Above the fireplace in Mr Nasrallah’s opulent villa, wedged between crucifixes and a statuette of the Virgin Mary sits a framed portrait of his unrelated namesake, Hizbullah chief Hassan Nasrallah. Around the home are several posters praising Hizbullah dead. “We receive calls from Hizbullah warning us that [Jabhat al-] Nusra are moving over there, or hiding over there,” says 65-year-old militiaman Antony, who has the weathered look and build of a drill sergeant, his index finger tracing the distant ridgeline. “Then we mobilise and engage them.”

The patrols consist of six or seven armed men in pickup trucks and scouts on off-road motorbikes. They range in age from late teens to retirees, and wear military fatigues, some bearing the insignia of the local municipality or a black patch that simply reads “police”. They even boast a few Russian-made anti-tank missiles that are a staple of Hizbullah’s vast arsenal.

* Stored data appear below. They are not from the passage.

(* Let $p\ge3$ be a prime, let $U$ be the probability distribution on $\mathbb{F}_p$ that assigns probability $1/2$ to each of $0$ and $1$, and let $D$ be a probability distribution on $\mathbb{F}_p$ such that $|D(x)-p^{-1}|\le p^{-2}$ for each $x\in\mathbb{F}_p$. Then there exists a probability distribution $E$ on $\mathbb{F}_p$ such that $D=U+E$.
   Context: For probability distributions $D',D''$ on a finite abelian group $G$, $D'+D''$ denotes their convolution: $(D'+D'')(x)=\sum_{y+z=x}D'(y)D''(z)$, i.e. the distribution of the sum of independent random variables with distributions $D'$ and $D''$. *)

theory Defs
  imports Complex_Main "HOL-Computational_Algebra.Primes"
begin

text \<open>F_p is represented by the residues {0..<p} (type nat) with addition mod p.
A probability distribution on F_p is a function nat => real, nonnegative on {0..<p},
summing to 1 over {0..<p}; values outside {0..<p} are irrelevant.\<close>

definition is_distr :: "nat \<Rightarrow> (nat \<Rightarrow> real) \<Rightarrow> bool" where
  "is_distr p D \<longleftrightarrow> (\<forall>x<p. 0 \<le> D x) \<and> (\<Sum>x<p. D x) = 1"

text \<open>Convolution on Z/pZ: (D'+D'')(x) = sum over y+z = x (mod p) of D'(y) D''(z).\<close>
definition conv :: "nat \<Rightarrow> (nat \<Rightarrow> real) \<Rightarrow> (nat \<Rightarrow> real) \<Rightarrow> nat \<Rightarrow> real" where
  "conv p D1 D2 x = (\<Sum>y<p. \<Sum>z<p. if (y + z) mod p = x then D1 y * D2 z else 0)"

definition unif01 :: "nat \<Rightarrow> real" where
  "unif01 x = (if x = 0 \<or> x = 1 then 1/2 else 0)"

end

theory Submission
  imports Defs
begin

text \<open>Convolving with U averages neighbours: (U + E)(x) = (E(x) + E(x - 1))/2. Take for E the
alternating sum E(x) = sum of (-1)^j D(x - j) over j < p. In E(x) + E(x - 1) everything telescopes
except D(x) and, p being odd, +D(x - p) = D(x); so U + E = D. E has the same total mass as D, and
writing D(x - j) = 1/p + (D(x - j) - 1/p), the constant parts contribute exactly 1/p while the
deviations contribute at most p * p^-2 = 1/p in absolute value, so E \<ge> 0.\<close>

lemma sum_neg_one_power_odd:
  assumes "odd n"
  shows "(\<Sum>j<n. (-1::'a::ring_1) ^ j) = 1"
proof -
  obtain k where "n = Suc (2 * k)" using assms by (metis oddE Suc_eq_plus1)
  then show ?thesis by (induction k arbitrary: n) auto
qed

lemma sum_lessThan_shift_mod:
  fixes h :: "int \<Rightarrow> 'a::comm_monoid_add"
  assumes "n > 0" and periodic: "\<And>i. h (i mod int n) = h i"
  shows "(\<Sum>x<n. h (int x + c)) = (\<Sum>x<n. h (int x))"
proof (rule sum.reindex_bij_witness[where i = "\<lambda>y. nat ((int y - c) mod int n)"
                                      and j = "\<lambda>x. nat ((int x + c) mod int n)"])
  fix x assume "x \<in> {..<n}"
  then show "nat ((int (nat ((int x + c) mod int n)) - c) mod int n) = x"
    using assms(1) by (simp add: mod_diff_left_eq)
  show "nat ((int x + c) mod int n) \<in> {..<n}" using assms(1) by (simp add: nat_less_iff)
  show "h (int (nat ((int x + c) mod int n))) = h (int x + c)" using assms(1) periodic by simp
next
  fix y assume "y \<in> {..<n}"
  then show "nat ((int (nat ((int y - c) mod int n)) + c) mod int n) = y"
    using assms(1) by (simp add: mod_add_left_eq)
  show "nat ((int y - c) mod int n) \<in> {..<n}" using assms(1) by (simp add: nat_less_iff)
qed

definition cyclic_ext :: "nat \<Rightarrow> (nat \<Rightarrow> 'a) \<Rightarrow> int \<Rightarrow> 'a" where
  "cyclic_ext p D i = D (nat (i mod int p))"

lemma cyclic_ext_mod [simp]: "cyclic_ext p D (i mod int p) = cyclic_ext p D i"
  by (simp add: cyclic_ext_def)

lemma cyclic_ext_of_nat [simp]: "x < p \<Longrightarrow> cyclic_ext p D (int x) = D x"
  by (simp add: cyclic_ext_def)

definition alternating_sum :: "nat \<Rightarrow> (int \<Rightarrow> real) \<Rightarrow> int \<Rightarrow> real" where
  "alternating_sum n d i = (\<Sum>j<n. (-1) ^ j * d (i - int j))"

lemma alternating_sum_mod:
  assumes periodic: "\<And>i. d (i mod int n) = d i"
  shows "alternating_sum n d (i mod int n) = alternating_sum n d i"
  unfolding alternating_sum_def
proof (rule sum.cong[OF refl])
  fix j
  have "d (i mod int n - int j) = d ((i mod int n - int j) mod int n)" by (rule periodic[symmetric])
  also have "\<dots> = d ((i - int j) mod int n)" by (simp add: mod_diff_left_eq)
  finally show "(-1) ^ j * d (i mod int n - int j) = (-1) ^ j * d (i - int j)"
    by (simp add: periodic)
qed

lemma alternating_sum_recurrence:
  assumes "odd n" and periodic: "\<And>i. d (i mod int n) = d i"
  shows "alternating_sum n d i + alternating_sum n d (i - 1) = 2 * d i"
proof -
  define f where "f j = (-1) ^ j * d (i - int j)" for j
  have "alternating_sum n d (i - 1) = - (\<Sum>j<n. f (Suc j))"
    by (simp add: alternating_sum_def f_def sum_negf algebra_simps)
  also have "(\<Sum>j<n. f (Suc j)) = alternating_sum n d i + f n - f 0"
    using sum.lessThan_Suc_shift[of f n] by (simp add: alternating_sum_def f_def)
  also have "f n = - d i"
    using \<open>odd n\<close> periodic[of "i - int n"] periodic[of i] by (simp add: f_def)
  finally show ?thesis by (simp add: f_def)
qed

lemma sum_alternating_sum:
  assumes "odd n" and periodic: "\<And>i. d (i mod int n) = d i"
  shows "(\<Sum>x<n. alternating_sum n d (int x)) = (\<Sum>x<n. d (int x))"
proof -
  have "n > 0" using \<open>odd n\<close> by (rule odd_pos)
  have shift: "(\<Sum>x<n. d (int x + - int j)) = (\<Sum>x<n. d (int x))" for j
    using sum_lessThan_shift_mod[of n d] \<open>n > 0\<close> periodic by blast
  have "(\<Sum>x<n. alternating_sum n d (int x)) = (\<Sum>j<n. (-1) ^ j * (\<Sum>x<n. d (int x + - int j)))"
    unfolding alternating_sum_def sum_distrib_left by (subst sum.swap) simp
  also have "\<dots> = (\<Sum>j<n. (-1) ^ j) * (\<Sum>x<n. d (int x))"
    by (simp only: shift sum_distrib_right)
  finally show ?thesis using sum_neg_one_power_odd[OF \<open>odd n\<close>, where 'a = real] by simp
qed

lemma alternating_sum_nonneg:
  assumes "odd n" and close: "\<And>i. \<bar>d i - 1 / real n\<bar> \<le> 1 / (real n)\<^sup>2"
  shows "alternating_sum n d i \<ge> 0"
proof -
  define e where "e j = (-1) ^ j * (d (i - int j) - 1 / real n)" for j
  have "alternating_sum n d i = (\<Sum>j<n. (-1) ^ j * (1 / real n) + e j)"
    unfolding alternating_sum_def e_def by (intro sum.cong) (auto simp: algebra_simps)
  also have "\<dots> = (\<Sum>j<n. (-1) ^ j) * (1 / real n) + (\<Sum>j<n. e j)"
    by (simp only: sum.distrib sum_distrib_right)
  also have "(\<Sum>j<n. (-1::real) ^ j) = 1" using \<open>odd n\<close> by (rule sum_neg_one_power_odd)
  finally have split: "alternating_sum n d i = 1 / real n + (\<Sum>j<n. e j)" by simp
  have "\<bar>\<Sum>j<n. e j\<bar> \<le> (\<Sum>j<n. 1 / (real n)\<^sup>2)"
    by (rule order_trans[OF sum_abs sum_mono]) (simp add: e_def abs_mult close)
  also have "\<dots> = 1 / real n" by (simp add: power2_eq_square)
  finally show ?thesis using split by linarith
qed

lemma conv_eq_sum_cyclic_ext:
  assumes "x < p"
  shows "conv p D1 D2 x = (\<Sum>y<p. D1 y * cyclic_ext p D2 (int x - int y))"
  unfolding conv_def
proof (rule sum.cong[OF refl])
  fix y
  have "(y + z) mod p = x \<longleftrightarrow> z = nat ((int x - int y) mod int p)" if "z < p" for z
  proof -
    have "(y + z) mod p = x \<longleftrightarrow> (int y + int z) mod int p = int x mod int p"
      using \<open>x < p\<close> by (simp flip: of_nat_add of_nat_mod)
    also have "\<dots> \<longleftrightarrow> int z mod int p = (int x - int y) mod int p"
      by (simp add: mod_eq_dvd_iff algebra_simps)
    also have "\<dots> \<longleftrightarrow> z = nat ((int x - int y) mod int p)"
      using \<open>z < p\<close> by auto
    finally show ?thesis .
  qed
  moreover have "nat ((int x - int y) mod int p) < p" using \<open>x < p\<close> by (simp add: nat_less_iff)
  ultimately show "(\<Sum>z<p. if (y + z) mod p = x then D1 y * D2 z else 0) =
      D1 y * cyclic_ext p D2 (int x - int y)"
    by (simp add: cyclic_ext_def cong: if_cong)
qed

lemma sum_unif01:
  assumes "p \<ge> 2"
  shows "(\<Sum>y<p. unif01 y * g y) = (g 0 + g 1) / 2"
proof -
  have "(\<Sum>y<p. unif01 y * g y) = (\<Sum>y\<in>{0, 1}. unif01 y * g y)"
    using assms by (intro sum.mono_neutral_right) (auto simp: unif01_def)
  then show ?thesis by (simp add: unif01_def)
qed

theorem lemma3p2:
  fixes p :: nat and D :: "nat \<Rightarrow> real"
  assumes "prime p" and "p \<ge> 3"
    and "is_distr p D"
    and "\<forall>x<p. \<bar>D x - 1 / real p\<bar> \<le> 1 / (real p)^2"
  shows "\<exists>E. is_distr p E \<and> (\<forall>x<p. D x = conv p unif01 E x)"
proof -
  have "odd p" using assms(1,2) prime_odd_nat by auto
  define d where "d = cyclic_ext p D"
  define E where "E x = alternating_sum p d (int x)" for x
  have d_periodic: "d (i mod int p) = d i" for i by (simp add: d_def)
  have d_close: "\<bar>d i - 1 / real p\<bar> \<le> 1 / (real p)\<^sup>2" for i
    using assms(2,4) by (simp add: d_def cyclic_ext_def nat_less_iff)
  have E_cyclic: "cyclic_ext p E i = alternating_sum p d i" for i
    using assms(2) alternating_sum_mod[where d = d and n = p, OF d_periodic]
    by (simp add: cyclic_ext_def E_def)
  have "is_distr p E"
    using alternating_sum_nonneg[where d = d, OF \<open>odd p\<close> d_close]
      sum_alternating_sum[where d = d, OF \<open>odd p\<close> d_periodic] assms(3)
    by (simp add: is_distr_def E_def d_def)
  moreover have "D x = conv p unif01 E x" if "x < p" for x
  proof -
    have "conv p unif01 E x = (cyclic_ext p E (int x) + cyclic_ext p E (int x - 1)) / 2"
      using assms(2) \<open>x < p\<close> by (simp add: conv_eq_sum_cyclic_ext sum_unif01)
    also have "\<dots> = d (int x)"
      using alternating_sum_recurrence[where d = d, OF \<open>odd p\<close> d_periodic] by (simp add: E_cyclic)
    also have "\<dots> = D x" using \<open>x < p\<close> by (simp add: d_def)
    finally show ?thesis by simp
  qed
  ultimately show ?thesis by blast
qed

end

The quiet rebranding of Saraya al-Muqawama outfits here seems meant to calm neighboring Sunni enclaves that remain sympathetic to the rebels. “[Hizbullah] is being clever,” Mr Nasrallah says. “They don’t want to enrage the Sunni towns such as Arsal even more.”

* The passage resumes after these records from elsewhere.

(* Let $(P,H,\phi)$ be a host-parasite triple and let $\Psi=\{\psi_1,\dots,\psi_l\}\subseteq\mathcal R(P,H,\phi)$ with $l\ge 1$. Define $\psi_{med}=\psi^{\Psi}_{med}:V(P)\to V(H)$ by letting, for each $v\in V(P)$, $\psi_{med}(v)$ be the element $w\in A(v)$ with $d_H(m(v),w)=zmed(n_1,\dots,n_l)$, where $n_i=d_H(m(v),\psi_i(v))$ for $1\le i\le l$. Then $\psi_{med}\in\mathcal R(P,H,\phi)$.
   Context: A phylogenetic tree $T$ is a finite rooted tree with root $\rho_T$ (indegree $0$, outdegree $2$), in which every vertex other than the root and the leaves has indegree $1$ and outdegree $2$; $V(T)$ is its vertex set, $L(T)$ its leaf set, $V^o(T)=V(T)-L(T)$. $x\succeq_T y$ means $x$ lies on the path from $\rho_T$ to $y$ (i.e. $x$ is an ancestor of $y$ or $x=y$). For $L\subseteq L(T)$ with $|L|\ge 2$, $lca_T(L)$ is the lowest vertex above every element of $L$; if $L=\{x\}$ then $lca_T(L)=x$. $d_T(v,w)$ is the number of edges on the (undirected) path in $T$ between $v$ and $w$. A host-parasite triple $(P,H,\phi)$ consists of two phylogenetic trees $P,H$ and a map $\phi:L(P)\to L(H)$. A reconciliation map is a map $\psi:V(P)\to V(H)$ such that (i) $\psi$ restricted to $L(P)$ equals $\phi$, and (ii) for every $v\in V^o(P)$ and every child $v'$ of $v$, $\psi(v)\succeq_H\psi(v')$; $\mathcal R(P,H,\phi)$ denotes the set of all reconciliation maps. For $v\in V(P)$ let $m(v)=lca_H(\{\phi(x): x\in L(P),\ v\succeq_P x\})$ and $A(v)=\{w\in V(H): \rho_H\succeq_H w\succeq_H m(v)\}$ (the vertices on the path from $m(v)$ up to $\rho_H$). Every reconciliation $\psi$ satisfies $\psi(v)\in A(v)$. For a finite multiset $A$ of real numbers, $med(A)$ is its median (the middle element when ordered; for even cardinality, the average of the two middle elements). For a real $r$, $[r]$ is the integer nearest to $r$, and the larger of the two if there are two nearest integers. For a multiset $A=\{n_1,\dots,n_m\}$ of integers, $zmed(n_1,\dots,n_m)=zmed(A)=[med(A)]$. *)

theory Defs
  imports Complex_Main "HOL-Library.Multiset"
begin

text \<open>A rooted tree is given by a vertex set V, a set E of directed edges
 (parent, child) and a root r.\<close>

definition phylo_tree :: "'v set \<Rightarrow> ('v \<times> 'v) set \<Rightarrow> 'v \<Rightarrow> bool" where
  "phylo_tree V E r \<longleftrightarrow>
     finite V \<and> E \<subseteq> V \<times> V \<and> r \<in> V \<and>
     (\<forall>x\<in>V. (r, x) \<in> E\<^sup>*) \<and>
     {u. (u, r) \<in> E} = {} \<and> card {w. (r, w) \<in> E} = 2 \<and>
     (\<forall>v\<in>V - {r}. card {u. (u, v) \<in> E} = 1 \<and>
        (card {w. (v, w) \<in> E} = 0 \<or> card {w. (v, w) \<in> E} = 2))"

definition leaves :: "'v set \<Rightarrow> ('v \<times> 'v) set \<Rightarrow> 'v set" where
  "leaves V E = {v \<in> V. \<forall>w. (v, w) \<notin> E}"

definition anc :: "('v \<times> 'v) set \<Rightarrow> 'v \<Rightarrow> 'v \<Rightarrow> bool" where
  "anc E x y \<longleftrightarrow> (x, y) \<in> E\<^sup>*"

definition lca :: "'v set \<Rightarrow> ('v \<times> 'v) set \<Rightarrow> 'v set \<Rightarrow> 'v" where
  "lca V E L = (if \<exists>x. L = {x} then (THE x. L = {x})
     else (THE x. x \<in> V \<and> (\<forall>y\<in>L. anc E x y) \<and>
                  (\<forall>z\<in>V. (\<forall>y\<in>L. anc E z y) \<longrightarrow> anc E z x)))"

definition dist :: "('v \<times> 'v) set \<Rightarrow> 'v \<Rightarrow> 'v \<Rightarrow> nat" where
  "dist E v w = (LEAST n. (v, w) \<in> (E \<union> E\<inverse>) ^^ n)"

Arsal, five miles south of Ras Baalbek, is home to over 40,000 Syrian refugees—as well as teeming with several thousand idle rebels of all stripes including Jabhat al-Nusra. Syrian regime forces and Hizbullah are busy consolidating recent battlefield gains in the surrounding hills, but their focus could soon be closer to home. “We have no desire to fight our fellow Lebanese,” says Abu Omar, a weapons smuggler and town elder. “But Hizbullah and its agents are determined to provoke a final battle for Arsal, and we will fight to the end.”